→ REQUIREMENT
Only the number is needed: the count of lines in the records with the word "else".

━━━━━━━━━━━━━━━━━━━━

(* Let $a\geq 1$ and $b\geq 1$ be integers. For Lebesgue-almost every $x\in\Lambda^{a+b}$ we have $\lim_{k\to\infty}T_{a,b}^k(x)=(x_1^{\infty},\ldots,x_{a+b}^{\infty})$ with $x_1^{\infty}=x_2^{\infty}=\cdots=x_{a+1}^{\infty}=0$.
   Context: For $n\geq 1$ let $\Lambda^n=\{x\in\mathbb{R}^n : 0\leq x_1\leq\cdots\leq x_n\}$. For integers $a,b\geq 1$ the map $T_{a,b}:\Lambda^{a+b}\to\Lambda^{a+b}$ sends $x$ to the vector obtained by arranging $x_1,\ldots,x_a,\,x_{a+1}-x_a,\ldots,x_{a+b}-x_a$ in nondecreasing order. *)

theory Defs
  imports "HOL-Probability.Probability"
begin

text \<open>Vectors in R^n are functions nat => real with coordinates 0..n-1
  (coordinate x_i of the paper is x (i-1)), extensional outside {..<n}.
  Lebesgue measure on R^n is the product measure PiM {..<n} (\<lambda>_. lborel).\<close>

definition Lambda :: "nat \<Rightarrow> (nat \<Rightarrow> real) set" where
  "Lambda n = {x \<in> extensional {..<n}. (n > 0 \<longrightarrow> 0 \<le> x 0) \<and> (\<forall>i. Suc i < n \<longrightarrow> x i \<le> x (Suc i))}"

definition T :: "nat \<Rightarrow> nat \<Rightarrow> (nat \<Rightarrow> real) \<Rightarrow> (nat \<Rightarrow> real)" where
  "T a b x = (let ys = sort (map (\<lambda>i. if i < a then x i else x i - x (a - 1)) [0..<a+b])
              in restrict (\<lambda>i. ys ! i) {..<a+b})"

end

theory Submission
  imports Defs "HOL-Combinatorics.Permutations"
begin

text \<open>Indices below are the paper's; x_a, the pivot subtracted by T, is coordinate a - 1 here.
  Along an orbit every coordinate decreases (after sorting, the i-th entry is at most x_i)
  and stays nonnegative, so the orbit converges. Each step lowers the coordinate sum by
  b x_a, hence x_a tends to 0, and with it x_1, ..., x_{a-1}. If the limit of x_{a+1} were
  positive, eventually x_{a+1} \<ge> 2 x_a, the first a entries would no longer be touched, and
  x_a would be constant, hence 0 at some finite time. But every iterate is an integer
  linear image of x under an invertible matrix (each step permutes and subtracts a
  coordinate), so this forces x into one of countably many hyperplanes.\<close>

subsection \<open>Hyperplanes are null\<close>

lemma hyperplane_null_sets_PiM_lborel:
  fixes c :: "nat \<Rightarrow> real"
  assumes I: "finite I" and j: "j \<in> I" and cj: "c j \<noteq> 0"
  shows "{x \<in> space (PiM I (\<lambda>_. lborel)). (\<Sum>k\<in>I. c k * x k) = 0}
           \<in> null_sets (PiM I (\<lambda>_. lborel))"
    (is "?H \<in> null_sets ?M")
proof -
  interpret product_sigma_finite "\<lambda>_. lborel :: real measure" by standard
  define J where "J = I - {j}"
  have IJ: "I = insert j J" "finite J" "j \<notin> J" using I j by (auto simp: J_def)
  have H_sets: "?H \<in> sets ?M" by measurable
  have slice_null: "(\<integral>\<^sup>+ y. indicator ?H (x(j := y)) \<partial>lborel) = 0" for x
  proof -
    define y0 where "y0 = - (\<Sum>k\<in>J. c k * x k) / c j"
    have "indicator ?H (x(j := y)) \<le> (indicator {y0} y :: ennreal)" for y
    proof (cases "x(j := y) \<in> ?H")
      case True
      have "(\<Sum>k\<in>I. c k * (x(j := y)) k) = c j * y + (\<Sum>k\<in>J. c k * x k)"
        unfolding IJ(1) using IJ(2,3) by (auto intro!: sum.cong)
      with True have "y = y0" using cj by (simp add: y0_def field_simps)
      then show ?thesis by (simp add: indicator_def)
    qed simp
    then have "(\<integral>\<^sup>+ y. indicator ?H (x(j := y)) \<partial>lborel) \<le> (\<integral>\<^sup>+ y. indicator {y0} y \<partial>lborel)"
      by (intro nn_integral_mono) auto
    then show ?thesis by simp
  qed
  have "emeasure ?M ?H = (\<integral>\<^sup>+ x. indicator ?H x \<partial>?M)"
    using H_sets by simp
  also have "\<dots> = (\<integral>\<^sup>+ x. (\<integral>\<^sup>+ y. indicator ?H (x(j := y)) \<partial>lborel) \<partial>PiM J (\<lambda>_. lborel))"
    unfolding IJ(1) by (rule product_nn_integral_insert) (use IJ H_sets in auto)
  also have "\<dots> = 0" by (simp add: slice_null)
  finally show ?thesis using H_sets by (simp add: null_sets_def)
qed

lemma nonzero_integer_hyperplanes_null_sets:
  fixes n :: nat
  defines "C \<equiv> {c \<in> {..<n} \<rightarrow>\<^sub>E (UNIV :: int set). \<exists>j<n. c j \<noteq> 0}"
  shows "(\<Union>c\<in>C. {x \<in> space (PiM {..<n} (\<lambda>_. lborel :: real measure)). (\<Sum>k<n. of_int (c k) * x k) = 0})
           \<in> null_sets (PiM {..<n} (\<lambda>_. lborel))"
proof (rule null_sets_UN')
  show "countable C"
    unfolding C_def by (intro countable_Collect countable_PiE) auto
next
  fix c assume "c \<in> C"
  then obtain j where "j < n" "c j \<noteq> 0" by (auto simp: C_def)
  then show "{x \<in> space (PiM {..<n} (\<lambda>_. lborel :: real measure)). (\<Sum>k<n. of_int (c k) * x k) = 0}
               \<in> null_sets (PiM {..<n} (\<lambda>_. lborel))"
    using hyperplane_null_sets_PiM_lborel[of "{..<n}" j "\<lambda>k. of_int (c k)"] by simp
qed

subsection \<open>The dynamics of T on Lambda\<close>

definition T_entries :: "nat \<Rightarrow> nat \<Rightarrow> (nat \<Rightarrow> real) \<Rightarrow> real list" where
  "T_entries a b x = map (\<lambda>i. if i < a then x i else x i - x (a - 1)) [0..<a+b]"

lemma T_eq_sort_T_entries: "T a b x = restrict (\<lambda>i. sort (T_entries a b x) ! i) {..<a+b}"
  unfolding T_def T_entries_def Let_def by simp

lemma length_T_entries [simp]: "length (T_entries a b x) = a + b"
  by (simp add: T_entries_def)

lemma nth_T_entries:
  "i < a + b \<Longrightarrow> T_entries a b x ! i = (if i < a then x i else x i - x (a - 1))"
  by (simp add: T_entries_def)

━━━━━━━━━━━━━━━━━━━━

→ EXERCISE ANSWER
3